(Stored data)
┏━━
lemma Inn_normal: "Inn G \<lhd> AutoGroup G"
proof -
  interpret A: group "AutoGroup G" by (rule AutoGroup)
  interpret conj: group_hom G "AutoGroup G" "conjaut G"
    using conjaut_hom_AutoGroup A.is_group by (simp add: group_hom_def group_hom_axioms_def)
  have conj_Inn: "f \<otimes>\<^bsub>AutoGroup G\<^esub> conjaut G h \<otimes>\<^bsub>AutoGroup G\<^esub> inv\<^bsub>AutoGroup G\<^esub> f = conjaut G (f h)"
    if f: "f \<in> auto G" and h: "h \<in> carrier G" for f h
  proof -
    have fA: "f \<in> carrier (AutoGroup G)" using f by simp
    have fhA: "conjaut G (f h) \<in> carrier (AutoGroup G)"
      using f h conjaut_in_auto hom_in_carrier[of f G G] by (simp add: auto_def)
    have "f \<otimes>\<^bsub>AutoGroup G\<^esub> conjaut G h \<otimes>\<^bsub>AutoGroup G\<^esub> inv\<^bsub>AutoGroup G\<^esub> f
        = conjaut G (f h) \<otimes>\<^bsub>AutoGroup G\<^esub> f \<otimes>\<^bsub>AutoGroup G\<^esub> inv\<^bsub>AutoGroup G\<^esub> f"
      using f h by (simp add: auto_comp_conjaut)
    also have "\<dots> = conjaut G (f h) \<otimes>\<^bsub>AutoGroup G\<^esub> (f \<otimes>\<^bsub>AutoGroup G\<^esub> inv\<^bsub>AutoGroup G\<^esub> f)"
      using A.m_assoc[OF fhA fA A.inv_closed[OF fA]] .
    finally show ?thesis using A.r_inv[OF fA] A.r_one[OF fhA] by simp
  qed
  show ?thesis
    unfolding A.normal_inv_iff Inn_def
    using conj.img_is_subgroup conj_Inn by (auto simp: auto_def hom_in_carrier)
qed

lemma conjaut_image_eq_coset:
  "S \<subseteq> carrier G \<Longrightarrow> h \<in> carrier G \<Longrightarrow> conjaut G h ` S = h <# S #> inv h"
  by (auto simp: l_coset_def r_coset_def conjaut_def)

lemma normalizer_iff_conjaut:
  assumes "S \<subseteq> carrier G"
  shows "h \<in> normalizer G S \<longleftrightarrow> h \<in> carrier G \<and> conjaut G h ` S = S"
proof -
  have "h \<in> normalizer G S \<longleftrightarrow> h \<in> carrier G \<and> h <# S #> inv h = S"
    using assms by (simp add: normalizer_def stabilizer_def)
  then show ?thesis using assms conjaut_image_eq_coset by metis
qed

lemma conj_set_eq_image:
  "S \<subseteq> carrier G \<Longrightarrow> h \<in> carrier G \<Longrightarrow> conj_set G h S = conjaut G h ` S"
  by (auto simp: conj_set_def conjaut_def)

lemma center_subset_normalizer:
  assumes "S \<subseteq> carrier G"
  shows "center G \<subseteq> normalizer G S"
proof
  fix h assume h: "h \<in> center G"
  then have "conjaut G h = (\<lambda>x\<in>carrier G. x)"
    using conjaut_eq_id_iff by (auto simp: center_def)
  then show "h \<in> normalizer G S"
    using assms h by (auto simp: normalizer_iff_conjaut center_def)
qed

lemma Inn_Int_AutHS:
  assumes "S \<subseteq> carrier G"
  shows "AutHS G S \<inter> Inn G = conjaut G ` normalizer G S"
  using assms conjaut_in_auto subgroup.subset[OF normalizer_imp_subgroup[OF assms]]
  by (fastforce simp: AutHS_def Inn_def normalizer_iff_conjaut)

lemma out_proj_hom: "out_proj G \<in> hom (AutoGroup G) (Out G)"
proof -
  have "out_proj G = (\<lambda>f. Inn G #>\<^bsub>AutoGroup G\<^esub> f)"
    by (simp add: fun_eq_iff out_proj_def)
  then show ?thesis
    using normal.r_coset_hom_Mod[OF Inn_normal] by (simp add: Out_def)
qed

lemma kernel_out_proj: "kernel (AutoGroup G) (Out G) (out_proj G) = Inn G"
proof -
  interpret A: group "AutoGroup G" by (rule AutoGroup)
  have Inn: "subgroup (Inn G) (AutoGroup G)" by (rule normal_imp_subgroup[OF Inn_normal])
  have "Inn G #>\<^bsub>AutoGroup G\<^esub> f = Inn G \<longleftrightarrow> f \<in> Inn G" if "f \<in> auto G" for f
    using that A.coset_join1[OF _ _ Inn] A.coset_join2[OF _ Inn] by auto
  then show ?thesis
    using subgroup.subset[OF Inn] by (auto simp: kernel_def out_proj_def Out_def)
qed
lemma vfun_rationalized:
  assumes "0 < \<bar>z\<bar>" "\<bar>z\<bar> < 1/3"
  defines "D \<equiv> 1 - z + sqrt (1 - 2*z - 3*z^2)"
  shows "2 * \<bar>z\<bar> < D" "vfun z = 2 * z / D" "D^2 = (2 - 2*z) * D - 4 * z^2"
proof -
  define s where "s = sqrt (1 - 2*z - 3*z^2)"
  have Ds: "D = 1 - z + s" by (simp add: D_def s_def)
  have "0 \<le> (1 - 3*z) * (1 + z)" using assms by (intro mult_nonneg_nonneg) auto
  also have "\<dots> = 1 - 2*z - 3*z^2" by (simp add: algebra_simps power2_eq_square)
  finally have "0 \<le> 1 - 2*z - 3*z^2" .
  then have s2: "s^2 = 1 - 2*z - 3*z^2" and "0 \<le> s"
    unfolding s_def by simp_all
  then show D: "2 * \<bar>z\<bar> < D"
    using assms(1,2) unfolding Ds by (auto simp: abs_if)
  have "(1 - z - s) * D = 4 * z^2"
    using s2 unfolding Ds by (simp add: algebra_simps power2_eq_square)
  moreover have "2 * z * vfun z = 1 - z - s"
    using assms(1) by (simp add: vfun_def motzkinM_def s_def power2_eq_square)
  ultimately have "2 * z * (vfun z * D - 2 * z) = 0"
    by algebra
  moreover have "D \<noteq> 0" using D by linarith
  ultimately show "vfun z = 2 * z / D"
    using assms(1) by (simp add: eq_divide_eq)
  show "D^2 = (2 - 2*z) * D - 4 * z^2"
    using s2 unfolding Ds by (simp add: algebra_simps power2_eq_square)
qed

lemma vfun_equation:
  assumes "0 < \<bar>z\<bar>" "\<bar>z\<bar> < 1/3"
  shows "vfun z = z * (1 + vfun z + vfun z ^ 2)"
proof -
  define D where "D = 1 - z + sqrt (1 - 2*z - 3*z^2)"
  note D = vfun_rationalized[OF assms, folded D_def]
  have "D \<noteq> 0" using D(1) by linarith
  then show ?thesis
    unfolding D(2) using D(3) by (simp add: field_simps power2_eq_square) algebra
qed

lemma abs_vfun_less_1: "0 < \<bar>z\<bar> \<Longrightarrow> \<bar>z\<bar> < 1/3 \<Longrightarrow> \<bar>vfun z\<bar> < 1"
  using vfun_rationalized[of z] by (simp add: abs_divide abs_mult)

lemma vfun_pos: "0 < z \<Longrightarrow> z < 1/3 \<Longrightarrow> 0 < vfun z"
  using vfun_rationalized[of z] by simp

lemma vfun_bounds:
  assumes "0 < t" "t < 1/3"
  shows "0 < vfun t" "vfun t < 1" "t * vfun t < 1" "t * (1 + vfun t) < 1"
proof -
  show v: "0 < vfun t" "vfun t < 1"
    using vfun_pos[of t] abs_vfun_less_1[of t] assms by auto
  have "t * vfun t < 1/3 * 1" "t * (1 + vfun t) < 1/3 * 2"
    using v assms by (intro mult_strict_mono; simp)+
  then show "t * vfun t < 1" "t * (1 + vfun t) < 1" by simp_all
qed
(* For every $n\ge 1$ and every $t$ in $J$, $$L_n(t)=\frac1N\sum_{j=1}^{n}\frac{j}{N}\,\frac{d^2}{dt^2}\log L_{n-j}(t),$$ where the $j=n$ term uses $\log L_0(t)=NF(t)$.
   Context: Let $N>0$ be a fixed parameter. Let $\rho$ be a positive Borel measure on $\mathbb R$ with infinite support such that $M(t):=\int_{\mathbb R}e^{tN\epsilon}\,d\rho(\epsilon)$ is finite for all $t$ in an open interval $J$. Write $M(t)=\exp(NF(t))$. For $n\ge 0$ let $\Delta_n(t)=\det\big[M^{(i+j-2)}(t)\big]_{i,j=1}^{n+1}$ be the Hankel determinant of the derivatives of $M$, and set $\Delta_{-1}:=1$; these satisfy $\Delta_n(t)>0$. The Lanczos $L$-functions are defined by $L_0(t)=M(t)$ and, for $n\ge1$, $N^2L_n(t)=\Delta_n(t)\Delta_{n-2}(t)/\Delta_{n-1}(t)^2$. *)

theory Defs
  imports "HOL-Probability.Probability" "Jordan_Normal_Form.Determinant"
begin

definition measure_support :: "real measure \<Rightarrow> real set" where
  "measure_support \<rho> = {x. \<forall>e>0. emeasure \<rho> (ball x e) > 0}"

definition mgf :: "real \<Rightarrow> real measure \<Rightarrow> real \<Rightarrow> real" where
  "mgf N \<rho> t = (\<integral>\<epsilon>. exp (t * N * \<epsilon>) \<partial>\<rho>)"

text \<open>hankel_det N rho k t is the k x k Hankel determinant
  det [M^(i+j)(t)]_{i,j=0..k-1}.  Thus Delta_n = hankel_det (n+1), and
  hankel_det 0 = 1 = Delta_{-1}.\<close>
definition hankel_det :: "real \<Rightarrow> real measure \<Rightarrow> nat \<Rightarrow> real \<Rightarrow> real" where
  "hankel_det N \<rho> k t =
     Determinant.det (mat k k (\<lambda>(i, j). (deriv ^^ (i + j)) (mgf N \<rho>) t))"

fun lanczos_L :: "real \<Rightarrow> real measure \<Rightarrow> nat \<Rightarrow> real \<Rightarrow> real" where
  "lanczos_L N \<rho> 0 t = mgf N \<rho> t"
| "lanczos_L N \<rho> (Suc m) t =
     hankel_det N \<rho> (m + 2) t * hankel_det N \<rho> m t
       / (N\<^sup>2 * (hankel_det N \<rho> (m + 1) t)\<^sup>2)"

end

theory Submission
  imports Defs
begin
lemma expansion_coeff_unique:
  fixes f :: "'a::{field,finite} fps \<Rightarrow> 'a fls"
  assumes "\<And>k. (\<lambda>N. \<Sum>n<N. \<beta> n * hasse_frobenius m n (fps_X ^ k)) \<longlonglongrightarrow> f (fps_X ^ k)"
  shows "\<beta> = expansion_coeff m f"
proof -
  have triangular: "(\<Sum>n\<le>k. \<beta> n * hasse_frobenius m n (fps_X ^ k)) = f (fps_X ^ k)" for k
  proof -
    have "eventually (\<lambda>N. (\<Sum>n<N. \<beta> n * hasse_frobenius m n (fps_X ^ k))
                         = (\<Sum>n\<le>k. \<beta> n * hasse_frobenius m n (fps_X ^ k))) sequentially"
      by (intro eventually_sequentiallyI[of "Suc k"] partial_sum_fps_X_power) simp
    then have "(\<lambda>N. \<Sum>n<N. \<beta> n * hasse_frobenius m n (fps_X ^ k))
                 \<longlonglongrightarrow> (\<Sum>n\<le>k. \<beta> n * hasse_frobenius m n (fps_X ^ k))"
      by (rule tendsto_eventually)
    with assms show ?thesis
      using LIMSEQ_unique by blast
  qed
  have "\<beta> k = expansion_coeff m f k" for k
  proof (induction k rule: less_induct)
    case (less k)
    have diagonal: "hasse_frobenius m k (fps_X ^ k :: 'a fps) = 1"
      by (simp add: hasse_frobenius_fps_X_power)
    have "(\<Sum>n<k. \<beta> n * hasse_frobenius m n (fps_X ^ k)) + \<beta> k
        = (\<Sum>n<k. expansion_coeff m f n * hasse_frobenius m n (fps_X ^ k)) + expansion_coeff m f k"
      using triangular[of k] expansion_coeff_fps_X_power[of m f k]
      by (simp add: diagonal flip: lessThan_Suc_atMost)
    then show ?case
      using less by simp
  qed
  then show ?thesis
    by blast
qed

lemma expansion_coeff_vanishes_below:
  fixes f :: "'a::{field,finite} fps \<Rightarrow> 'a fls"
  assumes tail: "\<And>k. N \<le> k \<Longrightarrow> fls_vanishes_below (f (fps_X ^ k)) M"
    and head: "\<And>k. k < N \<Longrightarrow> fls_vanishes_below (f (fps_X ^ k)) B"
    and n: "N + nat (M - B) \<le> n"
  shows "fls_vanishes_below (expansion_coeff m f n) M"
  unfolding expansion_coeff_eq
proof (intro fls_vanishes_below_sum)
  fix k
  assume k: "k \<in> {..n}"
  have "fls_vanishes_below (- (fls_X ^ (CARD('a) ^ m)) :: 'a fls) 1"
    unfolding fls_vanishes_below_uminus
    by (rule fls_vanishes_below_mono[OF fls_vanishes_below_fls_X_power]) simp
  then have power: "fls_vanishes_below ((- (fls_X ^ (CARD('a) ^ m)) :: 'a fls) ^ (n - k)) (int (n - k))"
    using fls_vanishes_below_power by fastforce
  show "fls_vanishes_below
          (of_nat (n choose k) * (- (fls_X ^ (CARD('a) ^ m))) ^ (n - k) * f (fps_X ^ k)) M"
  proof (cases "k < N")
    case True
    then have "fls_vanishes_below
                 (of_nat (n choose k) * (- (fls_X ^ (CARD('a) ^ m))) ^ (n - k) * f (fps_X ^ k))
                 (0 + int (n - k) + B)"
      using head power by (intro fls_vanishes_below_mult fls_vanishes_below_of_nat)
    moreover have "M \<le> 0 + int (n - k) + B"
      using n k True by (simp add: of_nat_diff)
    ultimately show ?thesis
      by (rule fls_vanishes_below_mono)
  next
    case False
    then have "fls_vanishes_below
                 (of_nat (n choose k) * (- (fls_X ^ (CARD('a) ^ m))) ^ (n - k) * f (fps_X ^ k))
                 (0 + 0 + M)"
      using tail fls_vanishes_below_mono[OF power, of 0]
      by (intro fls_vanishes_below_mult fls_vanishes_below_of_nat) simp_all
    then show ?thesis
      by simp
  qed
qed

lemma expansion_coeff_tendsto_0:
  fixes f :: "'a::{field,finite} fps \<Rightarrow> 'a fls"
  assumes "f \<in> LC"
  shows "expansion_coeff m f \<longlonglongrightarrow> 0"
  unfolding tendsto_fls_iff
proof
  fix M :: int
  have cont: "continuous_on UNIV f" and f0: "f 0 = 0"
    using assms Fq_linear_zero[of f] by (simp_all add: LC_def)
  obtain N where N: "\<And>x. fps_cutoff N x = 0 \<Longrightarrow> fls_vanishes_below (f x) M"
    by (rule continuous_fls_vanishes_below[OF cont f0, where M = M]) blast
  obtain B where B: "\<forall>k<N. fls_vanishes_below (f (fps_X ^ k)) B"
    using fls_vanishes_below_uniform[where g = "\<lambda>k. f (fps_X ^ k)"] by blast
  have "fls_vanishes_below (expansion_coeff m f n) M" if "N + nat (M - B) \<le> n" for n
    using that B by (intro expansion_coeff_vanishes_below N) (simp_all add: fps_cutoff_eq_0_iff)
  then show "eventually (\<lambda>n. fls_vanishes_below (expansion_coeff m f n - 0) M) sequentially"
    by (intro eventually_sequentiallyI[of "N + nat (M - B)"]) simp
qed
┗━━
• Work request
Looking at the entries above, say how many lines hold the word "shows". Offer no other text.

• Result
9